Außerdem wird mit solchen Tweets die Authentizität der Politiker:innen gewährleistet und gezeigt. Die kann sich wieder positiv auf die Parteien auswirken. “Für diese Authentizität, für die Geschwindigkeit, die man in Social Media braucht sind kurze Entscheidungswege notwendig”, sagt Jörg Haßler. “Wenn das alles nur von der Marketing- und Werbeagentur abgesegnet ist und feingeschliffene PR-Botschaften dominieren, wird man da nicht auf die Reichweite kommen, die einem Nutzen bringt.” Deshalb müssten die Parteien das Risiko eingehen, dass auch mal ein Politiker oder eine Politikerin daneben langt oder über die Stränge schlägt. Eine Regulierung der Social-Media-Aktivitäten durch die Parteien solle es und werde es laut ihm gerade deshalb nicht geben.

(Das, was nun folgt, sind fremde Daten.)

lemma ratio_upper_step: "ratio i \<le> ratio (i + 1) * (ratio (i + 1) / (ratio (i + 1) + 2))"
proof -
  have "ratio i \<le> ratio i * (2 * ratio i + 1)"
    using ratio_pos[of i] by simp
  also have "\<dots> = ratio (i + 1) * (ratio (i + 1) / (ratio (i + 1) + 2))"
    using ratio_recurrence[of i] by (simp add: power2_eq_square)
  finally show ?thesis .
qed

lemma ratio_mono: "i \<le> j \<Longrightarrow> ratio i \<le> ratio j"
proof (induction j rule: int_ge_induct)
  case (step j)
  have "ratio j \<le> ratio j * (2 * ratio j + 1)"
    using ratio_pos[of j] by simp
  then show ?case
    using step.IH ratio_lower_step[of j] by linarith
qed simp

lemma ratio_geometric_growth: "(1 + 2 * ratio 0)^k * ratio 0 \<le> ratio (int k)"
proof (induction k)
  case (Suc k)
  have "(1 + 2 * ratio 0)^Suc k * ratio 0 \<le> (1 + 2 * ratio 0) * ratio (int k)"
    using Suc.IH ratio_pos[of 0] by (simp add: mult.assoc mult_left_mono)
  also have "\<dots> \<le> (1 + 2 * ratio (int k)) * ratio (int k)"
    using ratio_mono[of 0 "int k"] ratio_pos[of "int k"] by (intro mult_right_mono) auto
  also have "\<dots> \<le> ratio (int (Suc k))"
    using ratio_lower_step[of "int k"] by (simp add: algebra_simps)
  finally show ?case .
qed simp

lemma ratio_geometric_decay: "ratio (- int k) \<le> (ratio 0 / (ratio 0 + 2))^k * ratio 0"
proof (induction k)
  case (Suc k)
  define r where "r = ratio (- int k)"
  have r: "0 < r" "r \<le> ratio 0"
    using ratio_pos ratio_mono[of "- int k" 0] by (simp_all add: r_def)
  have "ratio (- int (Suc k)) \<le> r * (r / (r + 2))"
    using ratio_upper_step[of "- int (Suc k)"] by (simp add: r_def)
  also have "\<dots> \<le> r * (ratio 0 / (ratio 0 + 2))"
    using r by (intro mult_left_mono) (simp_all add: field_simps)
  also have "\<dots> \<le> ((ratio 0 / (ratio 0 + 2))^k * ratio 0) * (ratio 0 / (ratio 0 + 2))"
    using Suc.IH ratio_pos[of 0] by (intro mult_right_mono) (simp_all add: r_def)
  finally show ?case
    by (simp add: algebra_simps)
qed simp
lemma binomial_three_terms_le:
  fixes j :: int
  assumes "0 \<le> j"
  shows "2 * j ^ (m + 2) + 2 * (int m + 2) * j ^ (m + 1) + (int m + 2) * (int m + 1) * j ^ m
    \<le> 2 * (j + 1) ^ (m + 2)"
proof (induction m)
  case 0
  show ?case by (simp add: power2_eq_square algebra_simps)
next
  case (Suc m)
  have "0 \<le> (int m + 2) * (int m + 1) * j ^ m" using assms by simp
  have "2 * j ^ (Suc m + 2) + 2 * (int (Suc m) + 2) * j ^ (Suc m + 1)
          + (int (Suc m) + 2) * (int (Suc m) + 1) * j ^ Suc m
        + (int m + 2) * (int m + 1) * j ^ m
      = (j + 1) * (2 * j ^ (m + 2) + 2 * (int m + 2) * j ^ (m + 1) + (int m + 2) * (int m + 1) * j ^ m)"
    by (simp add: algebra_simps power_add power2_eq_square)
  also have "\<dots> \<le> (j + 1) * (2 * (j + 1) ^ (m + 2))"
    using Suc.IH assms by (intro mult_left_mono) auto
  also have "\<dots> = 2 * (j + 1) ^ (Suc m + 2)"
    by simp
  finally show ?case
    using \<open>0 \<le> (int m + 2) * (int m + 1) * j ^ m\<close> by linarith
qed

lemma descent_margin_pos:
  fixes j s a :: int
  assumes "1 \<le> s" and "1 \<le> a" and n: "int n = s + a" and "s < j"
    and large: "s * (s + 1 + 3 * a) \<le> 2 * a * j"
  shows "0 < descent_margin s n j"
proof -
  define m where "m = n - 2"
  have m: "n = m + 2" using assms unfolding m_def by linarith
  \<comment> \<open>\<open>E = 2 ((j - s) (j\<^sup>2 + n j + n (n - 1) / 2) - j\<^sup>3)\<close> for \<open>n = s + a\<close>\<close>
  define E where "E = 2 * a * j * j - (s + a) * (s - a + 1) * j - s * (s + a) * (s + a - 1)"
  have "a * (3 * s + a - 1) \<le> 2 * a * j - (s + a) * (s - a + 1)"
    using large by (simp add: algebra_simps)
  then have "j * (a * (3 * s + a - 1)) \<le> j * (2 * a * j - (s + a) * (s - a + 1))"
    using \<open>s < j\<close> \<open>1 \<le> s\<close> by (intro mult_left_mono) auto
  moreover have "s * (s + 1 + 3 * a) * (3 * s + a - 1) \<le> 2 * a * j * (3 * s + a - 1)"
    using large assms by (intro mult_right_mono) auto
  moreover have "0 < s * (s * s + 6 * a * s + a * a + 4 * s - 1)"
  proof -
    have "0 \<le> s * s" "0 \<le> a * s" "0 \<le> a * a" using assms by simp_all
    then show ?thesis using assms by (intro mult_pos_pos) linarith+
  qed
  moreover have "2 * E = 2 * (j * (2 * a * j - (s + a) * (s - a + 1))) - 2 * (s * (s + a) * (s + a - 1))"
    "s * (s + 1 + 3 * a) * (3 * s + a - 1) - 2 * (s * (s + a) * (s + a - 1))
       = s * (s * s + 6 * a * s + a * a + 4 * s - 1)"
    "2 * a * j * (3 * s + a - 1) = 2 * (j * (a * (3 * s + a - 1)))"
    unfolding E_def by (simp_all add: algebra_simps)
  ultimately have "0 < E" by linarith
  have sa: "int m + 2 = s + a" "int m + 1 = s + a - 1" using m n by simp_all
  have "(j - s) * (2 * j ^ (m + 2) + 2 * (s + a) * j ^ (m + 1) + (s + a) * (s + a - 1) * j ^ m)
      \<le> (j - s) * (2 * (j + 1) ^ (m + 2))"
    using binomial_three_terms_le[of j m, unfolded sa] assms by (intro mult_left_mono) simp_all
  moreover have "(j - s) * (2 * j ^ (m + 2) + 2 * (s + a) * j ^ (m + 1) + (s + a) * (s + a - 1) * j ^ m)
      = 2 * j ^ (m + 2 + 1) + j ^ m * E"
    unfolding E_def by (simp add: algebra_simps power_add)
  moreover have "0 < j ^ m * E" using \<open>0 < E\<close> assms by simp
  ultimately show ?thesis unfolding descent_margin_def m by simp
qed
(* Let $\Sigma$ be an alphabet and $\delta\in(0,1)$ be a sufficiently small constant. Let $\mathcal{P}\subseteq\Sigma^*$ be a property of strings that is $\varepsilon$-testable in the standard model using $q(m,\varepsilon)$ queries on inputs of length $m$, where $q(m,\varepsilon)=\Omega(\frac1\varepsilon)$. Then, for all $r\in\mathbb{N}$ and $t\le\frac{\delta\cdot r}{[q(m,\frac\varepsilon2)\log q(m,\frac\varepsilon2)]^2}$, the property $\mathcal{P}^r$ is $t$-online-corruption-resiliently $\varepsilon$-testable using $\widetilde{O}(q(m,\frac\varepsilon2))$ queries on inputs of length $n=m\cdot r$.
   Context: For $r\in\mathbb{N}$ and a string $x$, $x^r$ is the concatenation of $r$ copies of $x$, and $\mathcal{P}^r=\{x^r:x\in\mathcal{P}\}$. A property is a set $\mathcal{P}=\bigcup_n\mathcal{P}_n$ where $\mathcal{P}_n$ consists of strings of length $n$ over $\Sigma$. The relative Hamming distance of $x,y\in\Sigma^n$ is $\delta_H(x,y)=\Pr_{i\sim[n]}[x_i\neq y_i]$; $x$ is $\varepsilon$-far from $\mathcal{P}$ if $\delta_H(x,y)\ge\varepsilon$ for all $y\in\mathcal{P}_n$. An $\varepsilon$-tester in the standard model, given $n$ and query access to $x\in\Sigma^n$, accepts with probability $\ge 2/3$ if $x\in\mathcal{P}$ and rejects with probability $\ge 2/3$ if $x$ is $\varepsilon$-far from $\mathcal{P}$. In the $t$-online-corruption model, the input is accessed through an adversarial oracle which initially answers query $i$ with $x_i$; after answering each query it may replace the values at up to $t$ indices by arbitrary symbols of $\Sigma$ (used for future answers), with choices depending on the input, past queries and the algorithm's code but not on future coin tosses; a $t$-online-corruption-resilient $\varepsilon$-tester satisfies the tester guarantee (with respect to the original input) against every such oracle. $\widetilde{O}$ hides polylogarithmic factors. *)

theory Defs
  imports "HOL-Probability.Probability"
begin

text \<open>A deterministic adaptive query strategy: given the answers received so far
  (in order), it either asks the next query (Inl i, 0-based index) or halts with
  a verdict (Inr True = accept, Inr False = reject). A randomized algorithm is a
  probability distribution over such strategies (coins drawn up front).\<close>
type_synonym 'a strategy = "'a list \<Rightarrow> nat + bool"

definition rep_prop :: "nat \<Rightarrow> 'a list set \<Rightarrow> 'a list set" where
  "rep_prop r P = (\<lambda>x. concat (replicate r x)) ` P"

definition hdist :: "'a list \<Rightarrow> 'a list \<Rightarrow> real" where
  "hdist x y = real (card {i. i < length x \<and> x ! i \<noteq> y ! i}) / real (length x)"
lemma mix_value: "x \<in> V \<Longrightarrow> y \<in> V \<Longrightarrow> f (mix_tuple m S x y) = x \<or> f (mix_tuple m S x y) = y"
  using conservative[OF mix_tuple_in] by (auto simp: mix_tuple_def split: if_splits)

lemma mix_neq:
  assumes "x \<in> V" "y \<in> V" "x' \<in> V" "y' \<in> V"
    and "\<And>i. i < m \<Longrightarrow> (if i \<in> S then x else y) \<noteq> (if i \<in> S' then x' else y')"
  shows "f (mix_tuple m S x y) \<noteq> f (mix_tuple m S' x' y')"
  using assms by (intro preserves_neq mix_tuple_in) (auto simp: mix_tuple_def)

text \<open>The decisive sets form a principal ultrafilter on the coordinates; its generator is the
  coordinate \<open>f\<close> projects to.\<close>

definition decisive :: "nat set \<Rightarrow> bool" where
  "decisive S \<longleftrightarrow> S \<subseteq> {..<m} \<and> (\<forall>x\<in>V. \<forall>y\<in>V. x \<noteq> y \<longrightarrow> f (mix_tuple m S x y) = x)"

lemma decisive_or_complement:
  assumes "S \<subseteq> {..<m}"
  shows "decisive S \<or> decisive ({..<m} - S)"
proof -
  have "(\<forall>x\<in>V. \<forall>y\<in>V. x \<noteq> y \<longrightarrow> f (mix_tuple m S x y) = x)
      \<or> (\<forall>x\<in>V. \<forall>y\<in>V. x \<noteq> y \<longrightarrow> f (mix_tuple m S x y) = y)"
  proof (rule conservative_binary_op_is_projection)
    show "f (mix_tuple m S x y) = x \<or> f (mix_tuple m S x y) = y" if "x \<in> V" "y \<in> V" for x y
      using mix_value that by blast
    show "f (mix_tuple m S x y) \<noteq> f (mix_tuple m S y x)" if "x \<in> V" "y \<in> V" "x \<noteq> y" for x y
      using that by (intro mix_neq) auto
    show "f (mix_tuple m S x y) \<noteq> f (mix_tuple m S z x)"
      if "x \<in> V" "y \<in> V" "z \<in> V" "x \<noteq> y" "z \<noteq> x" "z \<noteq> y" for x y z
      using that by (intro mix_neq) auto
  qed
  then show ?thesis
    using assms by (auto simp: decisive_def mix_tuple_swap)
qed

lemma decisive_disjoint:
  assumes "decisive A" "decisive B"
  shows "A \<inter> B \<noteq> {}"
proof
  assume disjoint: "A \<inter> B = {}"
  obtain a b c where abc: "a \<in> V" "b \<in> V" "c \<in> V" "a \<noteq> b" "a \<noteq> c" "b \<noteq> c"
    using three_elements by blast
  have "f (mix_tuple m A a b) \<noteq> f (mix_tuple m B a c)"
    using abc disjoint by (intro mix_neq) auto
  with assms abc show False by (simp add: decisive_def)
qed

lemma agreement_set_decisive:
  assumes t: "t \<in> tuples"
  shows "decisive {i. i < m \<and> t i = f t}"
proof -
  define x where "x = f t"
  define S where "S = {i. i < m \<and> t i = x}"
  have x: "x \<in> V" using closed t by (simp add: x_def)
  obtain y where y: "y \<in> V" "y \<noteq> x" using three_elements by metis
  have "\<forall>i<m. t i \<noteq> mix_tuple m S y x i"
    using y by (auto simp: mix_tuple_def S_def)
  then have "f (mix_tuple m S y x) \<noteq> x"
    using preserves_neq[OF t mix_tuple_in[OF y(1) x, of S]] by (auto simp: x_def)
  then have "f (mix_tuple m S y x) = y" using mix_value[OF y(1) x] by auto
  then have "f (mix_tuple m S x y) = x"
    using mix_value[OF x y(1), of S] mix_neq[of x y y x S S] x y by auto
  then have "f (mix_tuple m ({..<m} - S) y x) \<noteq> y"
    using y by (simp add: mix_tuple_swap)
  then have "\<not> decisive ({..<m} - S)"
    using x y unfolding decisive_def by blast
  then show ?thesis
    using decisive_or_complement[of S] by (auto simp: S_def x_def)
qed

lemma decisive_Int:
  assumes S: "decisive S" and T: "decisive T"
  shows "decisive (S \<inter> T)"
proof -
  obtain a b c where abc: "a \<in> V" "b \<in> V" "c \<in> V" "a \<noteq> b" "a \<noteq> c" "b \<noteq> c"
    using three_elements by blast
  have sub: "S \<subseteq> {..<m}" "T \<subseteq> {..<m}" using S T by (auto simp: decisive_def)
  define t where "t = (\<lambda>i\<in>{..<m}. if i \<in> S then if i \<in> T then a else b else c)"
  have t_in: "t \<in> tuples" using abc by (simp add: t_def restrict_PiE_iff)
  have agree: "decisive {i. i < m \<and> t i = f t}"
    using agreement_set_decisive[OF t_in] .
  have "f t \<in> {a, b, c}"
    using conservative[OF t_in] by (auto simp: t_def split: if_splits)
  moreover have "f t \<noteq> c"
  proof
    assume "f t = c"
    then have "{i. i < m \<and> t i = f t} = {..<m} - S" using abc by (auto simp: t_def)
    then show False using agree decisive_disjoint[OF S] by auto
  qed
  moreover have "f t \<noteq> b"
  proof
    assume "f t = b"
    then have "{i. i < m \<and> t i = f t} = S - T" using abc sub by (auto simp: t_def)
    then show False using agree decisive_disjoint[OF T] by auto
  qed
  ultimately have "{i. i < m \<and> t i = f t} = S \<inter> T" using abc sub by (auto simp: t_def)
  with agree show ?thesis by simp
qed
lemma isCont_angle_of: "isCont angle_of t"
proof -
  have "(1 / dens_lo)-lipschitz_on UNIV angle_of"
    using angle_of_dist dens_lo_pos by (intro lipschitz_onI) (auto simp: dist_real_def)
  then show ?thesis
    using lipschitz_on_continuous_on continuous_on_eq_continuous_at by blast
qed

lemma angle_of_deriv:
  assumes "sin (angle_of t) \<noteq> 0"
  shows "(angle_of has_real_derivative inverse (time_density (angle_of t))) (at t)"
proof (rule DERIV_inverse_function[where f = time_of and a = "t - 1" and b = "t + 1"])
  show "(time_of has_real_derivative time_density (angle_of t)) (at (angle_of t))"
    using time_of_deriv[OF assms] .
  show "time_density (angle_of t) \<noteq> 0"
    using time_density_bounds[of "angle_of t"] dens_lo_pos by auto
qed (simp_all add: time_of_angle_of isCont_angle_of)

lemma turning_times_isolated:
  assumes "sin (angle_of t) = 0" "s \<noteq> t" "\<bar>s - t\<bar> < dens_lo * pi"
  shows "sin (angle_of s) \<noteq> 0"
proof
  assume "sin (angle_of s) = 0"
  then obtain j :: int where j: "angle_of s = j * pi" by (auto simp: sin_zero_iff_int2)
  obtain i :: int where i: "angle_of t = i * pi" using assms(1) by (auto simp: sin_zero_iff_int2)
  have "\<bar>j - i\<bar> * pi = \<bar>angle_of s - angle_of t\<bar>"
    using i j by (simp add: abs_mult left_diff_distrib[symmetric])
  also have "\<dots> \<le> \<bar>s - t\<bar> / dens_lo" by (rule angle_of_dist)
  also have "\<dots> < pi" using assms(3) dens_lo_pos by (simp add: field_simps)
  finally have "\<bar>of_int (j - i) :: real\<bar> < 1" by simp
  then have "j = i" by linarith
  then have "time_of (angle_of s) = time_of (angle_of t)" using i j by simp
  then show False using assms(2) by (simp add: time_of_angle_of)
qed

Wahlkampf im Superwahljahr

Interessant wird sein, wie dann aber der finale Bundestagswahlkampf 2021 aussehen wird. Laut Jörg Haßler spielen sowohl Personalisierung als auch der persönliche Kontakt zu den Menschen weiterhin eine große Rolle. Das alleine mit Social Media herzustellen sei schwierig. Eine Möglichkeit sieht Haßler im sogenannten Haustür-Wahlkampf. Während vor der Ära der Digitalisierung alleine die Überzeugungsworte auf der Straße und an den Haustüren der Bürgerinnen und Bürger möglich waren, kann man nun zum Beispiel Fotos der Gespräche machen und auf Social Media teilen. Damit schafft man eine noch größere Reichweite. Reichweite, die am Ende wieder Aufmerksamkeit bedeutet – auch für die Parteien.